[Saved entries]
= Beginning of Section =
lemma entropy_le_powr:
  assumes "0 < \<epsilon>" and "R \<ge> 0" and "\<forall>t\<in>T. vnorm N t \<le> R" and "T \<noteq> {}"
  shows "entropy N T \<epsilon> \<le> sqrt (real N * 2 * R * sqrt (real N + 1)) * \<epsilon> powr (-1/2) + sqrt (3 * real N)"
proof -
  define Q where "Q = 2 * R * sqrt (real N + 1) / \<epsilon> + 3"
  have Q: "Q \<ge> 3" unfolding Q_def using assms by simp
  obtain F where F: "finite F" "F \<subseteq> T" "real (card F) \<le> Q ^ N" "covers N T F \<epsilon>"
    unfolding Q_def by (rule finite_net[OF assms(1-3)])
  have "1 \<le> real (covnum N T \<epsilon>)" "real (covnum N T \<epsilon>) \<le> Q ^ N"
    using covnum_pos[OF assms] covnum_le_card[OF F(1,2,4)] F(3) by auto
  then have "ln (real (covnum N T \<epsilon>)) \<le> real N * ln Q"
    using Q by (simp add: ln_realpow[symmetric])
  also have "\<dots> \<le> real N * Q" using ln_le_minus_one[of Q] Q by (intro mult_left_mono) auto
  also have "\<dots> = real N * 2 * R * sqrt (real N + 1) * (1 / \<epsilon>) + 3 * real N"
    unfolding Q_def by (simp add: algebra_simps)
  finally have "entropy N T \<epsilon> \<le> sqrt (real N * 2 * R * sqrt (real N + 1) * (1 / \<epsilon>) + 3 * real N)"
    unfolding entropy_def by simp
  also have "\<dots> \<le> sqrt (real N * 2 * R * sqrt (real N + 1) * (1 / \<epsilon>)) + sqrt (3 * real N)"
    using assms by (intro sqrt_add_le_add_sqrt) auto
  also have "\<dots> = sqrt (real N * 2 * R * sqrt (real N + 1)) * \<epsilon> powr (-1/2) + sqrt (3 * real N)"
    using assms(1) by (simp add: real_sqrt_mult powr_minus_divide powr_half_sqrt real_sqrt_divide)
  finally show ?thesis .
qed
= End of Section =
= Beginning of Section =
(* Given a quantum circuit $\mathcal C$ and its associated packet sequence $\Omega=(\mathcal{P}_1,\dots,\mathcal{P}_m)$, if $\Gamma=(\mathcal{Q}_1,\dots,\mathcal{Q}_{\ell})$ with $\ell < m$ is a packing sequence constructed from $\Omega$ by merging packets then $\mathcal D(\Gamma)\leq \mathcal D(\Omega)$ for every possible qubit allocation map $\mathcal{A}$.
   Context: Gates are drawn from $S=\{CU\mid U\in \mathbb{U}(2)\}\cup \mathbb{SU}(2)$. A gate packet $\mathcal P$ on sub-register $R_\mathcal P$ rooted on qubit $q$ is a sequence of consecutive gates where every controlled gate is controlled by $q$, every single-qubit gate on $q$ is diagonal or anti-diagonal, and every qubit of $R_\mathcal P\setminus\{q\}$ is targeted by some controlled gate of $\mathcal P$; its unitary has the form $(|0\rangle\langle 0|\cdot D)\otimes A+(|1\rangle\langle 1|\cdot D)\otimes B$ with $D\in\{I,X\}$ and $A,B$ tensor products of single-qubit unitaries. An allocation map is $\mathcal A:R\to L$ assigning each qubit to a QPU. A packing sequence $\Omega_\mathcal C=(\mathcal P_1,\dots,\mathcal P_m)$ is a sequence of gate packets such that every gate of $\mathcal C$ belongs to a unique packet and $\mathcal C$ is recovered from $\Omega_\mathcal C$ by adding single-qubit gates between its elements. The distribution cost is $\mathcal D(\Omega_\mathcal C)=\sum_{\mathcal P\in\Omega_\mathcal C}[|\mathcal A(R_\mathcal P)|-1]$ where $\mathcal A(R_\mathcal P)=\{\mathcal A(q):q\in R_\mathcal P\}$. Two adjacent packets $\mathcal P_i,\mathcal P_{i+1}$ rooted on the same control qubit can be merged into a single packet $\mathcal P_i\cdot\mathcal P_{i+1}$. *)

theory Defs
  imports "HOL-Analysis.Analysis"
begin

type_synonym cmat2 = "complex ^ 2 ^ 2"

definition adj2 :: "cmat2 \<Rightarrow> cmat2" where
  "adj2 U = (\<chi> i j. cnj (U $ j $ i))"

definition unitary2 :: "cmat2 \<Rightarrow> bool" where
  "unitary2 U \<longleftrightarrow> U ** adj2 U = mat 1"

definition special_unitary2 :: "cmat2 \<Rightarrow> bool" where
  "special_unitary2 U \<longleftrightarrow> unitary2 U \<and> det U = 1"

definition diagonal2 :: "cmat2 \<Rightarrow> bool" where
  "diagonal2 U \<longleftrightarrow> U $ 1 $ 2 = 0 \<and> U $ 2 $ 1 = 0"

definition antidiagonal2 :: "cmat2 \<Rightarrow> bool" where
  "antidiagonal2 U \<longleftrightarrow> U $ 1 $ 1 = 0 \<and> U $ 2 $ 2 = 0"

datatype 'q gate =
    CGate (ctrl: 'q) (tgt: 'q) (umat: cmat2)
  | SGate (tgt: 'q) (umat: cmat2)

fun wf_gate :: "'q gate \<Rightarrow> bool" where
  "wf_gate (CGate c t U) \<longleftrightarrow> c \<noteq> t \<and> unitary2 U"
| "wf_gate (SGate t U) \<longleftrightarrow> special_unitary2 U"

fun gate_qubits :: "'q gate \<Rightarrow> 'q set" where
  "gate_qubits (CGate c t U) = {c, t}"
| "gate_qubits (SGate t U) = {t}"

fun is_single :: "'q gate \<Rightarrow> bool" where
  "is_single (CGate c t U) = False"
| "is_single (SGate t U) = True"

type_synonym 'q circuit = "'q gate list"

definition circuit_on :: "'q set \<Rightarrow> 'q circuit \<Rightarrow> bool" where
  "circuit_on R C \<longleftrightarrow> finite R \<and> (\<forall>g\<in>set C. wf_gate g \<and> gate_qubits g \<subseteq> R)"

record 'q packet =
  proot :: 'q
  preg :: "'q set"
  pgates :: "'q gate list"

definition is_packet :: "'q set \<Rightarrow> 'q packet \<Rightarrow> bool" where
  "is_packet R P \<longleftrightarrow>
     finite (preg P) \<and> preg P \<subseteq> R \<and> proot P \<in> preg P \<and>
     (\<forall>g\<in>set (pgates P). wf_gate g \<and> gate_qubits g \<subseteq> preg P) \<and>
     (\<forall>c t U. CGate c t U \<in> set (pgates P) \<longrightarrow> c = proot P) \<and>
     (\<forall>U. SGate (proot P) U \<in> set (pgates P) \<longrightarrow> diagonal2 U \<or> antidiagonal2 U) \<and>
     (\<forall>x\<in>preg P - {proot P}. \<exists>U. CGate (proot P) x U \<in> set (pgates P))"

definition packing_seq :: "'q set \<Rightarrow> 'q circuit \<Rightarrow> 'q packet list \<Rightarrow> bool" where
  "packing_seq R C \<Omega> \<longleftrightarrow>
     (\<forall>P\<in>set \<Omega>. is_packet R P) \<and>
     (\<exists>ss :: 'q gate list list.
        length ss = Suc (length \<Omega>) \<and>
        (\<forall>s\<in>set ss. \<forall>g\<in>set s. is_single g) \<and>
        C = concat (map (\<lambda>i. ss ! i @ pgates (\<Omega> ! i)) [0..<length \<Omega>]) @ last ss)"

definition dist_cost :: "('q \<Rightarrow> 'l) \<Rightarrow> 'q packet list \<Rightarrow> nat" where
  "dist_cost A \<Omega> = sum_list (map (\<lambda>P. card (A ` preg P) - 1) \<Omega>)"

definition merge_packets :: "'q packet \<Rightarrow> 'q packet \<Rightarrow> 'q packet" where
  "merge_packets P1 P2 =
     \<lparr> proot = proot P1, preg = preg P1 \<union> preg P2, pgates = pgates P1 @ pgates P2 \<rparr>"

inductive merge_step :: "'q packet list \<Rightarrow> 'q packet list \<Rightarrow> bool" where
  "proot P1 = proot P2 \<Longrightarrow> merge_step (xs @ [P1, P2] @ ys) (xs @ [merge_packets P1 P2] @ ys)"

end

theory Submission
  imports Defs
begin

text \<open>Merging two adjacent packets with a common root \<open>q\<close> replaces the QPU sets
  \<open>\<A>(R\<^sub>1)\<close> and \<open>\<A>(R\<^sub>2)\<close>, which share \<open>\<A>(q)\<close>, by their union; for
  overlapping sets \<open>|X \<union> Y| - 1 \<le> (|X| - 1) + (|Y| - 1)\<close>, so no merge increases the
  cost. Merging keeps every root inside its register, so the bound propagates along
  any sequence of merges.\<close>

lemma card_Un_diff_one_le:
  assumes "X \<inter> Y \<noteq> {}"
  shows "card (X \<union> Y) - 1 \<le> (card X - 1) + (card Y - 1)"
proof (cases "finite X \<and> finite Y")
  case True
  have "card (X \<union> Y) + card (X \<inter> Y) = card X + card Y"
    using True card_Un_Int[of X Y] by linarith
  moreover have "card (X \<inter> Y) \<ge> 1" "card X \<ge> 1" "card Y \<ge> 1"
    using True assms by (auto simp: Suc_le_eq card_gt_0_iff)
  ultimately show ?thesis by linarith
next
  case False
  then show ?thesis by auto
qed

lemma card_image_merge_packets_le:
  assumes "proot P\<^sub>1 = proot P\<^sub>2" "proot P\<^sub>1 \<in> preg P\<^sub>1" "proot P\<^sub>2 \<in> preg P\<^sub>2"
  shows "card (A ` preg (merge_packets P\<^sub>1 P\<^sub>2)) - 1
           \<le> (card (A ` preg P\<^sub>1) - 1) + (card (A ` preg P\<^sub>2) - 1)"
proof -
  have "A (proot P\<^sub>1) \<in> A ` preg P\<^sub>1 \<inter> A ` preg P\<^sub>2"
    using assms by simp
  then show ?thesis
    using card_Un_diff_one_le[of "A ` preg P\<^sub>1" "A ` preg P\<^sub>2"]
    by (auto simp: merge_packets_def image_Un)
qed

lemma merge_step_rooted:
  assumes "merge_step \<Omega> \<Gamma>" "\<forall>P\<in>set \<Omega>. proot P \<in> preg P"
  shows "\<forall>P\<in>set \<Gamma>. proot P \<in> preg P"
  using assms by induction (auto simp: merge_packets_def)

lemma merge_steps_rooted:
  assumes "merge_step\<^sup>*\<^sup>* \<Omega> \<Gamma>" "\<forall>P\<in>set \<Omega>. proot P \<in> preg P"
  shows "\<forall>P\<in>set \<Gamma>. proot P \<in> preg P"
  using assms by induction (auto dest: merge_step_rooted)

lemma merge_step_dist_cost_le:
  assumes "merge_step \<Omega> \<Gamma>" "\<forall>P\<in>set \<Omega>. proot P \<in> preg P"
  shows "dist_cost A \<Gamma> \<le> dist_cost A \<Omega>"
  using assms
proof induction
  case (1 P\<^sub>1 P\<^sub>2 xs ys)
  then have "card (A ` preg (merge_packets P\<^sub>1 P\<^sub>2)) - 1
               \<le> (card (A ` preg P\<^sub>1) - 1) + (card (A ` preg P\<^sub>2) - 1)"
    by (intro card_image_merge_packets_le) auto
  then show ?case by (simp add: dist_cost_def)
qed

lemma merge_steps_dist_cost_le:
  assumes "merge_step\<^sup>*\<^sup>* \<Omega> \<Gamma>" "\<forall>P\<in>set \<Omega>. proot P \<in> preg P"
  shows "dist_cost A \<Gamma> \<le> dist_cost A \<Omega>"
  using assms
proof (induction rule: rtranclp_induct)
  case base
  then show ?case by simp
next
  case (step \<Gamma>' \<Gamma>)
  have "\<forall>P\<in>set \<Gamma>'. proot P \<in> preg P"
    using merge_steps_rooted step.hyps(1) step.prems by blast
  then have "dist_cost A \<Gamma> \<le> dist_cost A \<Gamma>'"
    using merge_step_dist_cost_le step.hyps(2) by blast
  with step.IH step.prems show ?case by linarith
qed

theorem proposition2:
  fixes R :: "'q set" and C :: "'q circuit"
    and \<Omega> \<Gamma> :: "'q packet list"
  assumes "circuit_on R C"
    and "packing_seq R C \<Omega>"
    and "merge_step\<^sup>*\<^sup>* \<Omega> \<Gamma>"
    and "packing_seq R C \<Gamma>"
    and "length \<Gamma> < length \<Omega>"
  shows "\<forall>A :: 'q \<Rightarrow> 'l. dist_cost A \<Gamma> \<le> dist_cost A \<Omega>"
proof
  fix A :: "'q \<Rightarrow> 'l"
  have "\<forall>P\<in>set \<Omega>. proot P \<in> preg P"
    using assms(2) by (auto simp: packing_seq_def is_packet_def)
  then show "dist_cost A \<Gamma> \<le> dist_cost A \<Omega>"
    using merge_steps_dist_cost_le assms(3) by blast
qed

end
= End of Section =
= Beginning of Section =
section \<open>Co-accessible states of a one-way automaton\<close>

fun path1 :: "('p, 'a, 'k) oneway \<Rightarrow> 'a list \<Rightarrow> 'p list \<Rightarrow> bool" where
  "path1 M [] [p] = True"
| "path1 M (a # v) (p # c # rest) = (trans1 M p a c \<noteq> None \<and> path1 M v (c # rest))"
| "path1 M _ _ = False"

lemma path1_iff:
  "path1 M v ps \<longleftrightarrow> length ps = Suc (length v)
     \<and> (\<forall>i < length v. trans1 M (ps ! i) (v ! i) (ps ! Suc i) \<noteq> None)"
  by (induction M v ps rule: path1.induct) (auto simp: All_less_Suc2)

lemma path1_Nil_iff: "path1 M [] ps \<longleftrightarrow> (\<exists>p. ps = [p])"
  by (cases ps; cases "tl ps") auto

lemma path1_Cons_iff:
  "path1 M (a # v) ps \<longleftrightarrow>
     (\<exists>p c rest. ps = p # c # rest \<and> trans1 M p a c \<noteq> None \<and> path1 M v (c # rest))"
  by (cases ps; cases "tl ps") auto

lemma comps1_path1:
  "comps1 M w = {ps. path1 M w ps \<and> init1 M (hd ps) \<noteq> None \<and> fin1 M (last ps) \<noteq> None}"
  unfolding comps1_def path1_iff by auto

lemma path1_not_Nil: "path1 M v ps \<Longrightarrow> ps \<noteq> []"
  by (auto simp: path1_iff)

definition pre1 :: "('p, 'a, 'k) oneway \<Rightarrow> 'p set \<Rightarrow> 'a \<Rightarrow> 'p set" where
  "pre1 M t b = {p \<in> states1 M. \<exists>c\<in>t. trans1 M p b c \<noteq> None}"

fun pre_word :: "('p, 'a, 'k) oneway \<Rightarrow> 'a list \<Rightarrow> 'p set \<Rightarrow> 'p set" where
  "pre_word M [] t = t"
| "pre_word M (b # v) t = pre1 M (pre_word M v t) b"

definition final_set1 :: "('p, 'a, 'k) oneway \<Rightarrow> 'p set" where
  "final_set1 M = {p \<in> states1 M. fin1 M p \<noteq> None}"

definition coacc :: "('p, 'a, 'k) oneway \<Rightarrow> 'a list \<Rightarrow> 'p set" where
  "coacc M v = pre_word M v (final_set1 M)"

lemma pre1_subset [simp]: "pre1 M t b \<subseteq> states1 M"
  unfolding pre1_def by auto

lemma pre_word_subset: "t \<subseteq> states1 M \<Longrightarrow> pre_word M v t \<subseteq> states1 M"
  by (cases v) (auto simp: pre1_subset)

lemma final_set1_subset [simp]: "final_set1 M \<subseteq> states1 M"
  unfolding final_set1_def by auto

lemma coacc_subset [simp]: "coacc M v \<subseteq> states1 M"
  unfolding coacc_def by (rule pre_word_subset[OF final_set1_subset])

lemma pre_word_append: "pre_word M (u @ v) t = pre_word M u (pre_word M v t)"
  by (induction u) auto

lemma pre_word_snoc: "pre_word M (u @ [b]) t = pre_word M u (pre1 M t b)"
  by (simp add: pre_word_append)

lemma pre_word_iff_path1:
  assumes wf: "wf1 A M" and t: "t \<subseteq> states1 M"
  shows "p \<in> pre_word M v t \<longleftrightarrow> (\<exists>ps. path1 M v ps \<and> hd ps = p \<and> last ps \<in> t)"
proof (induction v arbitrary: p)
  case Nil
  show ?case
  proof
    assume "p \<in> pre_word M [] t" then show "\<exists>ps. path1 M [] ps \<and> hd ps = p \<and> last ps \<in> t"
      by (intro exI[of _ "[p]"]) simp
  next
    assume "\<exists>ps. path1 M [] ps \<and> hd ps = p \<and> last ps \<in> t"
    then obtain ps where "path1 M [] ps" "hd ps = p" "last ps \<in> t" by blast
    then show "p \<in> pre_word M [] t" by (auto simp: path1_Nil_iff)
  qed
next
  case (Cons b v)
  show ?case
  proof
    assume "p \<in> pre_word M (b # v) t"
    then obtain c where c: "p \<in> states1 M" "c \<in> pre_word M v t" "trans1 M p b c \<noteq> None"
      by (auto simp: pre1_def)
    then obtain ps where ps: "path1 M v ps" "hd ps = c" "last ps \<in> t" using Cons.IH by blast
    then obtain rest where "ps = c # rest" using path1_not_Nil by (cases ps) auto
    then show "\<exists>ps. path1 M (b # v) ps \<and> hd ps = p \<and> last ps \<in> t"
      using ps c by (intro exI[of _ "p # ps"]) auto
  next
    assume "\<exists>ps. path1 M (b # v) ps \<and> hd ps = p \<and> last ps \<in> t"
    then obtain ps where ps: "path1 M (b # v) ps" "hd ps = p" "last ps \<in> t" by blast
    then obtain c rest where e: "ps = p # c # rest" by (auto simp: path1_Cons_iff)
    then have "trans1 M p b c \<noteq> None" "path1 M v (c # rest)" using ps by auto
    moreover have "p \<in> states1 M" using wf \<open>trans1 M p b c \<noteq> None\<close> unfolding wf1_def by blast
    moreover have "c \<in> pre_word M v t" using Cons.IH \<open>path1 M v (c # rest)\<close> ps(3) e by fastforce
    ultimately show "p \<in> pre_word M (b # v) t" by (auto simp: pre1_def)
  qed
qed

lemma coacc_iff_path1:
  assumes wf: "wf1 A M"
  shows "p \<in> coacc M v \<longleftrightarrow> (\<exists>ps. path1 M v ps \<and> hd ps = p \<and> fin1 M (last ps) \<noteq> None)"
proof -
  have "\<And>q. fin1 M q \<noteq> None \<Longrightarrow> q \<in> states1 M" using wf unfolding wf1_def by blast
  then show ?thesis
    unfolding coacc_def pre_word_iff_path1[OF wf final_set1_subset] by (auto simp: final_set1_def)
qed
= End of Section =
What is wanted is the number of lines holding "induction" in the entries. Nothing else should be given.

# Result:
7